In only the last couple of years, there have been a number of volcanoes that have erupted, causing a lot of devastation. The eruption in Hawaii and Guatemala were only two of them. It leads a person to wonder what will happen when the Yellowstone Supervolcano erupts.

It is first important to mention that the frequency of volcanic eruptions really hasn’t increased recently. According to the USGS, there are between 11 and 13 volcanoes erupting somewhere on Earth at any given moment. We usually are just not aware of most of them.

The Yellowstone supervolcano isn’t a normal volcano, though. It isn’t just the large surface area, covering most of Yellowstone National Park, that sets it apart. Rather, the magma chamber under the volcano is truly enormous.

To grasp the size of the magma chamber, it can be explained that the magma chamber under Mount St. Helens was/is about 5 cubic miles. When St.
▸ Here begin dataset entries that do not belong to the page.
lemma mu_common_succ:
  assumes "1 \<le> l" "q \<in> mu_succs l p" "q \<in> mu_succs l p'" "p < p'"
  shows "q = p' + 1"
  using assms by (elim mu_succsE; auto; presburger)

lemma mu_succs_bounds:
  assumes "1 \<le> l" "q \<in> mu_succs l p"
  shows "p < q" "q < 2*l + 5"
  using assms(2) by (elim mu_succsE; use assms(1) in auto)+

lemma noninversion_mu_iff:
  assumes "1 \<le> l"
  shows "noninversion (mu l) p q \<longleftrightarrow> q \<in> mu_succs l p"
proof
  assume "noninversion (mu l) p q"
  then have pq: "p < q" "q < 2*l + 5" "mu l ! p < mu l ! q"
    unfolding noninversion_def length_mu[OF assms] by auto
  then have p: "p < 2*l + 5" by simp
  with pq assms show "q \<in> mu_succs l p"
    by (cases rule: mu_nth_cases[OF assms p]; cases rule: mu_nth_cases[OF assms pq(2)])
      (auto simp: mu_succs_def; presburger)+
next
  assume q: "q \<in> mu_succs l p"
  then have pq: "p < q" "q < 2*l + 5"
    using mu_succs_bounds[OF assms] by blast+
  then have p: "p < 2*l + 5" by simp
  with pq assms q have "mu l ! p < mu l ! q"
    by (cases rule: mu_nth_cases[OF assms p]; cases rule: mu_nth_cases[OF assms pq(2)];
      auto simp: mu_succs_def split: if_splits; presburger)
  with pq show "noninversion (mu l) p q"
    unfolding noninversion_def length_mu[OF assms] by simp
qed

(* Graph distance from position 0 in the noninversion graph of mu l. *)
definition mu_dist :: "nat \<Rightarrow> nat \<Rightarrow> int" where
  "mu_dist l p =
     (if p = 0 then 0 else if p \<le> 2 then 1 else if 2*l + 3 \<le> p then 2 * int l + 1
      else if odd p then int p - 1 else int p - 3)"

lemma mu_dist_succ:
  assumes "1 \<le> l" "q \<in> mu_succs l p"
  shows "\<bar>mu_dist l q - mu_dist l p\<bar> \<le> 1"
  using assms(2) by (elim mu_succsE) (use assms(1) in \<open>auto simp: mu_dist_def\<close>)

(* The path 0, 4, 3, 6, 5, ..., 2k+2, 2k+1 in the noninversion graph of mu k. *)
definition zigzag :: "nat \<Rightarrow> nat" where
  "zigzag i = (if i = 0 then 0 else if odd i then i + 3 else i + 1)"

lemma zigzag_adjacent:
  assumes "i < 2*k"
  shows "zigzag (Suc i) \<in> mu_succs k (zigzag i) \<or> zigzag i \<in> mu_succs k (zigzag (Suc i))"
  using assms unfolding zigzag_def mu_succs_def by (auto; presburger)

lemma contains_mu_succs_map:
  assumes "p \<prec> mu l" "1 \<le> l"
  obtains g where "strict_mono_on {..<length p} g"
    and "\<And>i j. noninversion p i j \<Longrightarrow> g j \<in> mu_succs l (g i)"
  using contains_noninversion_map[OF assms(1)] noninversion_mu_iff[OF assms(2)] by metis

lemma mu_avoids_123:
  assumes "1 \<le> l"
  shows "\<not> [1, 2, 3] \<prec> mu l"
proof
  assume "[1, 2, 3] \<prec> mu l"
  then obtain g where "\<And>i j. noninversion [1, 2, 3] i j \<Longrightarrow> g j \<in> mu_succs l (g i)"
    using assms by (rule contains_mu_succs_map) (rule that)
  then have "g 1 \<in> mu_succs l (g 0)" "g 2 \<in> mu_succs l (g 1)"
    by (simp_all add: noninversion_def)
  with mu_succs_of_succ_empty[OF assms] show False by blast
qed

lemma mu_avoids_3214:
  assumes "1 \<le> l"
  shows "\<not> [3, 2, 1, 4] \<prec> mu l"
proof
  assume "[3, 2, 1, 4] \<prec> mu l"
  then obtain g where mono: "strict_mono_on {..<length [3, 2, 1, 4 :: nat]} g"
    and succ: "\<And>i j. noninversion [3, 2, 1, 4] i j \<Longrightarrow> g j \<in> mu_succs l (g i)"
    using assms by (rule contains_mu_succs_map) (rule that)
  have less: "g 0 < g 1" "g 0 < g 2" "g 1 < g 2"
    by (simp_all add: strict_mono_onD[OF mono])
  have "g 3 \<in> mu_succs l (g 0)" "g 3 \<in> mu_succs l (g 1)" "g 3 \<in> mu_succs l (g 2)"
    by (simp_all add: succ noninversion_def)
  then have "g 3 = g 1 + 1" "g 3 = g 2 + 1"
    using mu_common_succ[OF assms] less by blast+
  with less show False by simp
qed

lemma mu_avoids_2143:
  assumes "1 \<le> l"
  shows "\<not> [2, 1, 4, 3] \<prec> mu l"
proof
  assume "[2, 1, 4, 3] \<prec> mu l"
  then obtain g where mono: "strict_mono_on {..<length [2, 1, 4, 3 :: nat]} g"
    and succ: "\<And>i j. noninversion [2, 1, 4, 3] i j \<Longrightarrow> g j \<in> mu_succs l (g i)"
    using assms by (rule contains_mu_succs_map) (rule that)
  have less: "g 0 < g 1" "g 2 < g 3"
    by (simp_all add: strict_mono_onD[OF mono])
  have "g 2 \<in> mu_succs l (g 0)" "g 2 \<in> mu_succs l (g 1)"
    "g 3 \<in> mu_succs l (g 0)" "g 3 \<in> mu_succs l (g 1)"
    by (simp_all add: succ noninversion_def)
  then have "g 2 = g 1 + 1" "g 3 = g 1 + 1"
    using mu_common_succ[OF assms] less(1) by blast+
  with less show False by simp
qed

lemma mu_avoids_15432:
  assumes "1 \<le> l"
  shows "\<not> [1, 5, 4, 3, 2] \<prec> mu l"
proof
  assume "[1, 5, 4, 3, 2] \<prec> mu l"
  then obtain g where mono: "strict_mono_on {..<length [1, 5, 4, 3, 2 :: nat]} g"
    and succ: "\<And>i j. noninversion [1, 5, 4, 3, 2] i j \<Longrightarrow> g j \<in> mu_succs l (g i)"
    using assms by (rule contains_mu_succs_map) (rule that)
  have "g 1 < g 2" "g 2 < g 3" "g 3 < g 4"
    by (simp_all add: strict_mono_onD[OF mono])
  moreover have "g 1 \<in> mu_succs l (g 0)" "g 2 \<in> mu_succs l (g 0)"
    "g 3 \<in> mu_succs l (g 0)" "g 4 \<in> mu_succs l (g 0)"
    by (simp_all add: succ noninversion_def)
  ultimately show False
    by (intro mu_no_four_succs)
qed

lemma mu_succs_map_ends:
  assumes mono: "strict_mono_on {..<2*k + 5} g"
    and hom: "\<And>i j. j \<in> mu_succs k i \<Longrightarrow> g j \<in> mu_succs l (g i)"
  shows "g 0 = 0" "g (2*k + 1) = 2*l + 1"
proof -
  have less: "g i < g j" if "i < j" "j < 2*k + 5" for i j
    using that by (intro strict_mono_onD[OF mono]) auto
  have first: "1 \<in> mu_succs k 0" "2 \<in> mu_succs k 0" "4 \<in> mu_succs k 0"
    and last: "2*k + 2 \<in> mu_succs k (2*k + 1)" "2*k + 3 \<in> mu_succs k (2*k + 1)"
      "2*k + 4 \<in> mu_succs k (2*k + 1)"
    by (simp_all add: mu_succs_def)
  have "g 0 = 0 \<or> g 0 = 2*l + 1"
    using mu_three_succs_endpoint[OF hom[OF first(1)] hom[OF first(2)] hom[OF first(3)]] less by simp
  moreover have "g (2*k + 1) = 0 \<or> g (2*k + 1) = 2*l + 1"
    using mu_three_succs_endpoint[OF hom[OF last(1)] hom[OF last(2)] hom[OF last(3)]] less by simp
  moreover have "g 0 < g (2*k + 1)"
    by (simp add: less)
  ultimately show "g 0 = 0" "g (2*k + 1) = 2*l + 1"
    by auto
qed

lemma mu_not_contains_longer_mu:
  assumes "1 \<le> k" "k < l"
  shows "\<not> mu k \<prec> mu l"
proof
  assume "mu k \<prec> mu l"
  have l: "1 \<le> l" using assms by simp
  from contains_mu_succs_map[OF \<open>mu k \<prec> mu l\<close> l]
  obtain g where mono: "strict_mono_on {..<2*k + 5} g"
    and hom: "\<And>i j. j \<in> mu_succs k i \<Longrightarrow> g j \<in> mu_succs l (g i)"
    unfolding noninversion_mu_iff[OF assms(1)] length_mu[OF assms(1)] by blast
  have "\<bar>mu_dist l (g (zigzag (2*k))) - mu_dist l (g (zigzag 0))\<bar> \<le> of_nat (2*k)"
  proof (rule abs_diff_le_of_steps)
    fix i assume "i < 2*k"
    from zigzag_adjacent[OF this]
    show "\<bar>mu_dist l (g (zigzag (Suc i))) - mu_dist l (g (zigzag i))\<bar> \<le> 1"
    proof
      assume "zigzag (Suc i) \<in> mu_succs k (zigzag i)"
      then show ?thesis by (rule mu_dist_succ[OF l hom])
    next
      assume "zigzag i \<in> mu_succs k (zigzag (Suc i))"
      then show ?thesis using mu_dist_succ[OF l hom] by (simp add: abs_minus_commute)
    qed
  qed
  moreover have "zigzag 0 = 0" "zigzag (2*k) = 2*k + 1"
    using assms(1) by (simp_all add: zigzag_def)
  ultimately show False
    using mu_succs_map_ends[OF mono hom] assms(2) by (simp add: mu_dist_def)
qed

lemma antichain_small_patterns: "antichain {[1, 2, 3], [3, 2, 1, 4], [2, 1, 4, 3], [1, 5, 4, 3, 2]}"
  unfolding antichain_def contains_iff_subseqs order_iso_iff_list_all by (simp add: upt_rec)

lemma antichain_mu: "antichain {mu k | k. k \<ge> 1}"
  unfolding antichain_def
proof clarify
  fix k l assume kl: "1 \<le> k" "1 \<le> l" "mu k \<noteq> mu l" "mu k \<prec> mu l"
  then have "k \<le> l" "k \<noteq> l"
    using contains_length_le[OF kl(4)] length_mu[OF kl(1)] length_mu[OF kl(2)] by auto
  with kl show False
    using mu_not_contains_longer_mu by simp
qed

lemma small_pattern_incomparable_mu:
  assumes "1 \<le> l" "p \<in> {[1, 2, 3], [3, 2, 1, 4], [2, 1, 4, 3], [1, 5, 4, 3, 2]}"
  shows "\<not> p \<prec> mu l \<and> \<not> mu l \<prec> p"
proof
  show "\<not> p \<prec> mu l"
    using assms(2) mu_avoids_123[OF assms(1)] mu_avoids_3214[OF assms(1)]
      mu_avoids_2143[OF assms(1)] mu_avoids_15432[OF assms(1)] by auto
  show "\<not> mu l \<prec> p"
  proof
    assume "mu l \<prec> p"
    then have "2*l + 5 \<le> length p"
      using contains_length_le length_mu[OF assms(1)] by metis
    with assms show False by auto
  qed
qed

theorem mainTheorem9:
  shows "antichain {mu k | k. k \<ge> 1} \<and>
         antichain ({[1,2,3], [3,2,1,4], [2,1,4,3], [1,5,4,3,2]} \<union> {mu k | k. k \<ge> 1})"
proof
  show "antichain {mu k | k. k \<ge> 1}"
    by (rule antichain_mu)
  show "antichain ({[1,2,3], [3,2,1,4], [2,1,4,3], [1,5,4,3,2]} \<union> {mu k | k. k \<ge> 1})"
  proof (rule antichain_Un[OF antichain_small_patterns antichain_mu])
    fix p r :: "nat list" assume "p \<in> {[1, 2, 3], [3, 2, 1, 4], [2, 1, 4, 3], [1, 5, 4, 3, 2]}"
      and "r \<in> {mu k | k. k \<ge> 1}"
    then show "\<not> p \<prec> r \<and> \<not> r \<prec> p"
      using small_pattern_incomparable_mu by blast
  qed
qed

end
(* Let $\delta>0$, $\gamma>0$ and let $\bar{\mathcal X}^{\delta,\gamma}(t)=\bar M(I_{\delta,\gamma}(t))$. Its state probabilities $p_{\bar{\mathcal X}}(\bar n,t)=\Pr\{\bar{\mathcal X}^{\delta,\gamma}(t)=\bar n\}$, $\bar n\in\mathbb{N}_0^q$, satisfy $$\Big(\frac{\partial^2}{\partial t^2}-2\delta\gamma\frac{\partial}{\partial t}\Big)p_{\bar{\mathcal X}}(\bar n,t)=2\delta^2\lambda\,p_{\bar{\mathcal X}}(\bar n,t)-2\delta^2\sum_{i=1}^q\sum_{j=1}^{k_i}\lambda_{ij}\,p_{\bar{\mathcal X}}(\bar n-\bar\epsilon_i^{j},t).$$
   Context: Fix $q\ge1$, integers $k_1,\dots,k_q\ge1$, $\lambda_{ij}>0$ ($1\le i\le q$, $1\le j\le k_i$), $\lambda=\sum_{i,j}\lambda_{ij}$. The MGCP $\bar M(t)=(M_1(t),\dots,M_q(t))$ is the $\mathbb{N}_0^q$-valued process with $\bar M(0)=\bar0$, independent stationary increments and transition probabilities $\Pr\{\bar M(t+h)=\bar n+\bar j\mid\bar M(t)=\bar n\}=\lambda_{ij}h+o(h)$ if $\bar j=\bar\epsilon_i^{j}$, $1-\lambda h+o(h)$ if $\bar j=\bar0$, $o(h)$ otherwise, where $\bar\epsilon_i^{j}\in\mathbb{N}_0^q$ has $i$th entry $j$ and other entries $0$. $\{I_{\delta,\gamma}(t)\}$ is an inverse Gaussian subordinator independent of $\bar M$, with density $g(x,t)=\frac{\delta t}{\sqrt{2\pi x^3}}\exp\big(\delta\gamma t-\frac12(\delta^2t^2x^{-1}+\gamma^2x)\big)$, $x>0$, and $\mathbb{E}e^{-sI_{\delta,\gamma}(t)}=\exp(-\delta t(\sqrt{2s+\gamma^2}-\gamma))$. Convention: $p_{\bar{\mathcal X}}(\bar n-\bar m,t)=0$ if some component of $\bar n-\bar m$ is negative. *)

theory Defs
  imports "HOL-Analysis.Analysis"
begin
lemma gen_row_inner:
  assumes i: "i < l" and n: "2 * l + 1 \<le> n"
  shows "(\<Sum>j<n. gen_row n l A i j * v j)
       = v i + (\<Sum>r<l. A i r * v (l + r)) + mat_mult l A A i 0 * v (2 * l)"
proof -
  let ?t = "\<lambda>m. gen_row n l A i (l + m) * v (l + m)"
  have "Suc l \<le> n - l" using n by auto
  then have "(\<Sum>m<n - l. ?t m) = (\<Sum>m<Suc l. ?t m) + (\<Sum>m<n - l - Suc l. ?t (Suc l + m))"
    by (rule sum_lessThan_split_shift)
  also have "(\<Sum>m<n - l - Suc l. ?t (Suc l + m)) = 0"
    by (intro sum.neutral) (auto simp: gen_row_def)
  also have "(\<Sum>m<l. ?t m) = (\<Sum>r<l. A i r * v (l + r))"
    by (rule sum.cong) (auto simp: gen_row_def)
  then have "(\<Sum>m<Suc l. ?t m) = (\<Sum>r<l. A i r * v (l + r)) + mat_mult l A A i 0 * v (2 * l)"
    by (simp add: gen_row_def mult_2)
  finally show ?thesis using gen_row_inner_split[OF i, of n A v] n by (simp add: add.assoc)
qed

lemma span_list_subset_perp:
  assumes "set vs \<subseteq> perp n U"
  shows "span_list vs \<subseteq> perp n U"
proof
  fix v assume "v \<in> span_list vs"
  then obtain c where v_def: "v = (\<lambda>j. \<Sum>i<length vs. c i * (vs ! i) j)"
    unfolding span_list_def by blast
  have vs: "vs ! i \<in> perp n U" if "i < length vs" for i
    using assms that by auto
  then have "v \<in> vecs n" unfolding v_def perp_def vecs_def by (auto intro!: sum.neutral)
  moreover have "(\<Sum>j<n. u j * v j) = 0" if "u \<in> U" for u
  proof -
    have "(\<Sum>j<n. u j * v j) = (\<Sum>i<length vs. c i * (\<Sum>j<n. u j * (vs ! i) j))"
      unfolding v_def sum_distrib_left by (subst sum.swap) (simp add: ac_simps)
    then show ?thesis using vs \<open>u \<in> U\<close> unfolding perp_def by simp
  qed
  ultimately show "v \<in> perp n U" unfolding perp_def by blast
qed
(* Kittaneh's mixed Cauchy-Schwarz inequality
     |<T x, y>|^2 <= <f^2(|T|) x, x> <g^2(|T*|) y, y>,
   applied to T and to S with y = (T + S) x and combined with the Cauchy-Schwarz inequality
   in R^2, gives for P = f^2(|T|) + e^2(|S|) and Q = g^2(|T*|) + h^2(|S*|)
     |(T + S) x|^4 <= <P x, x> <Q y, y> <= ||Q|| <P x, x> |(T + S) x|^2,
   that is |T + S|^2 <= ||Q|| P as quadratic forms.  Weyl's monotonicity principle turns this
   into s_j(T + S)^2 <= ||Q|| s_j(P), and summing (p/2)-th powers gives the Schatten norm bound.
   The mixed inequality itself comes from a singular value decomposition: W* T V only connects
   equal singular values, so it factors as g(D') N f(D) with a contraction N. *)

theory Submission
  imports Defs "HOL-Analysis.L2_Norm"
begin

notation mat_adjoint (\<open>_\<^sup>H\<close> [1000] 999)

lemma mat_adjoint_eq: "(A::complex mat)\<^sup>H = mat (dim_col A) (dim_row A) (\<lambda>(i,j). cnj (A $$ (j,i)))"
  by (rule eq_matI) (auto simp: mat_adjoint_def mat_of_rows_def)

lemma mat_adjoint_dim [simp]:
  "dim_row ((A::complex mat)\<^sup>H) = dim_col A" "dim_col ((A::complex mat)\<^sup>H) = dim_row A"
  by (auto simp: mat_adjoint_eq)

lemma mat_adjoint_index [simp]:
  "i < dim_col A \<Longrightarrow> j < dim_row A \<Longrightarrow> (A::complex mat)\<^sup>H $$ (i,j) = cnj (A $$ (j,i))"
  by (auto simp: mat_adjoint_eq)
Helens erupted, it totally obliterated all life within the blast radius of many miles. It sent a plume of ash 12 miles into the atmosphere and the ash fall was heavy over several hundred square miles. Believe it or not, this wasn’t a large eruption.

The magma chamber just a few miles below the surface at Yellowstone is approximately 2,400 cubic miles in size. Let that sink in for a moment. That magma chamber is 1,400 times larger than the magma chamber under Mount St. Helens. It contains enough lava to fill the Grand Canyon 11 times.

That is only part of the picture, too. There is a second magma chamber below the shallow one and it is far larger. The lower magma chamber, which feeds the upper chamber, is roughly 11,000 cubic miles in size.

It needs to be understood that a magma chamber isn’t filled with molten rock. Most of the superheated rock there isn’t fluid but rather it is elastic. Only about 9% of the contents of the chambers under Yellowstone is fluid. However, it is also under extreme pressure. An eruption would be a sudden release of the pressure and the magma would blast out with staggering force. Some of that would be liquid lava and a great deal of it would be expelled as ash and gases.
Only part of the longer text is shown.